▸ **Exercise input**
lemma stepup_R_minus_eq_in_sigma_Pminus:
  "{\<omega>\<in>space M. stepup_R_minus d alpha i (Pminus d P i \<omega>) = k} \<in> sets (sigma_Pminus M d P i)"
proof -
  have [measurable]: "(\<lambda>\<omega>. stepup_R_minus d alpha i (Pminus d P i \<omega>))
      \<in> measurable (sigma_Pminus M d P i) (count_space UNIV)"
    by (intro measurable_stepup_R_minus measurable_sigma_Pminus)
  have "{\<omega>\<in>space (sigma_Pminus M d P i). stepup_R_minus d alpha i (Pminus d P i \<omega>) = k}
      \<in> sets (sigma_Pminus M d P i)" by measurable
  then show ?thesis unfolding space_sigma_Pminus .
qed

context prob_space
begin

lemma sigma_finite_subalgebra_sigma_Pminus:
  assumes "\<And>j. j \<in> {1..d} \<Longrightarrow> P j \<in> borel_measurable M"
  shows "sigma_finite_subalgebra M (sigma_Pminus M d P i)"
proof -
  have "finite_measure_subalgebra M (sigma_Pminus M d P i)"
    unfolding finite_measure_subalgebra_def finite_measure_subalgebra_axioms_def
    using finite_measure_axioms subalgebra_sigma_Pminus[where d=d and P=P and i=i, OF assms] by blast
  then show ?thesis by (rule finite_measure_subalgebra_is_sigma_finite)
qed

lemma
  assumes "\<And>j. j \<in> {1..d} \<Longrightarrow> P j \<in> borel_measurable M" and [measurable]: "Q \<in> borel_measurable M"
  shows integrable_cond_prob_le: "integrable M (cond_prob_le M d P i Q u)"
    and set_integral_cond_prob_le: "C \<in> sets (sigma_Pminus M d P i) \<Longrightarrow>
      (\<integral>\<omega>\<in>C. cond_prob_le M d P i Q u \<omega> \<partial>M) = measure M ({\<omega>\<in>space M. Q \<omega> \<le> u} \<inter> C)"
proof -
  interpret sigma_finite_subalgebra M "sigma_Pminus M d P i"
    by (rule sigma_finite_subalgebra_sigma_Pminus[where d=d and P=P and i=i, OF assms(1)])
  define A where "A = {\<omega>\<in>space M. Q \<omega> \<le> u}"
  have A: "A \<in> sets M" unfolding A_def by measurable
  then have int: "integrable M (indicator A :: 'a \<Rightarrow> real)" by (simp add: emeasure_eq_measure)
  then show "integrable M (cond_prob_le M d P i Q u)"
    unfolding cond_prob_le_def A_def by (rule real_cond_exp_int(1))
  assume C: "C \<in> sets (sigma_Pminus M d P i)"
  then have "C \<in> sets M" using subalg by (auto simp: subalgebra_def)
  have "(\<integral>\<omega>\<in>C. cond_prob_le M d P i Q u \<omega> \<partial>M) = (\<integral>\<omega>\<in>C. indicator A \<omega> \<partial>M)"
    unfolding cond_prob_le_def A_def by (rule real_cond_exp_intA[OF int C, symmetric, unfolded A_def])
  also have "\<dots> = (\<integral>\<omega>. indicator (A \<inter> C) \<omega> \<partial>M)"
    unfolding set_lebesgue_integral_def by (intro Bochner_Integration.integral_cong) (auto simp: indicator_def)
  also have "\<dots> = measure M (A \<inter> C)"
    using A \<open>C \<in> sets M\<close> by (simp add: Int_absorb2 sets.sets_into_space Int_assoc)
  finally show "(\<integral>\<omega>\<in>C. cond_prob_le M d P i Q u \<omega> \<partial>M) = measure M ({\<omega>\<in>space M. Q \<omega> \<le> u} \<inter> C)"
    unfolding A_def .
qed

▸ **What to do**
Reproduce each entry precisely, so that nothing differs from the original.

▸ **Exercise result**
lemma stepup_R_minus_eq_in_sigma_Pminus:
  "{\<omega>\<in>space M. stepup_R_minus d alpha i (Pminus d P i \<omega>) = k} \<in> sets (sigma_Pminus M d P i)"
proof -
  have [measurable]: "(\<lambda>\<omega>. stepup_R_minus d alpha i (Pminus d P i \<omega>))
      \<in> measurable (sigma_Pminus M d P i) (count_space UNIV)"
    by (intro measurable_stepup_R_minus measurable_sigma_Pminus)
  have "{\<omega>\<in>space (sigma_Pminus M d P i). stepup_R_minus d alpha i (Pminus d P i \<omega>) = k}
      \<in> sets (sigma_Pminus M d P i)" by measurable
  then show ?thesis unfolding space_sigma_Pminus .
qed

context prob_space
begin

lemma sigma_finite_subalgebra_sigma_Pminus:
  assumes "\<And>j. j \<in> {1..d} \<Longrightarrow> P j \<in> borel_measurable M"
  shows "sigma_finite_subalgebra M (sigma_Pminus M d P i)"
proof -
  have "finite_measure_subalgebra M (sigma_Pminus M d P i)"
    unfolding finite_measure_subalgebra_def finite_measure_subalgebra_axioms_def
    using finite_measure_axioms subalgebra_sigma_Pminus[where d=d and P=P and i=i, OF assms] by blast
  then show ?thesis by (rule finite_measure_subalgebra_is_sigma_finite)
qed

lemma
  assumes "\<And>j. j \<in> {1..d} \<Longrightarrow> P j \<in> borel_measurable M" and [measurable]: "Q \<in> borel_measurable M"
  shows integrable_cond_prob_le: "integrable M (cond_prob_le M d P i Q u)"
    and set_integral_cond_prob_le: "C \<in> sets (sigma_Pminus M d P i) \<Longrightarrow>
      (\<integral>\<omega>\<in>C. cond_prob_le M d P i Q u \<omega> \<partial>M) = measure M ({\<omega>\<in>space M. Q \<omega> \<le> u} \<inter> C)"
proof -
  interpret sigma_finite_subalgebra M "sigma_Pminus M d P i"
    by (rule sigma_finite_subalgebra_sigma_Pminus[where d=d and P=P and i=i, OF assms(1)])
  define A where "A = {\<omega>\<in>space M. Q \<omega> \<le> u}"
  have A: "A \<in> sets M" unfolding A_def by measurable
  then have int: "integrable M (indicator A :: 'a \<Rightarrow> real)" by (simp add: emeasure_eq_measure)
  then show "integrable M (cond_prob_le M d P i Q u)"
    unfolding cond_prob_le_def A_def by (rule real_cond_exp_int(1))
  assume C: "C \<in> sets (sigma_Pminus M d P i)"
  then have "C \<in> sets M" using subalg by (auto simp: subalgebra_def)
  have "(\<integral>\<omega>\<in>C. cond_prob_le M d P i Q u \<omega> \<partial>M) = (\<integral>\<omega>\<in>C. indicator A \<omega> \<partial>M)"
    unfolding cond_prob_le_def A_def by (rule real_cond_exp_intA[OF int C, symmetric, unfolded A_def])
  also have "\<dots> = (\<integral>\<omega>. indicator (A \<inter> C) \<omega> \<partial>M)"
    unfolding set_lebesgue_integral_def by (intro Bochner_Integration.integral_cong) (auto simp: indicator_def)
  also have "\<dots> = measure M (A \<inter> C)"
    using A \<open>C \<in> sets M\<close> by (simp add: Int_absorb2 sets.sets_into_space Int_assoc)
  finally show "(\<integral>\<omega>\<in>C. cond_prob_le M d P i Q u \<omega> \<partial>M) = measure M ({\<omega>\<in>space M. Q \<omega> \<le> u} \<inter> C)"
    unfolding A_def .
qed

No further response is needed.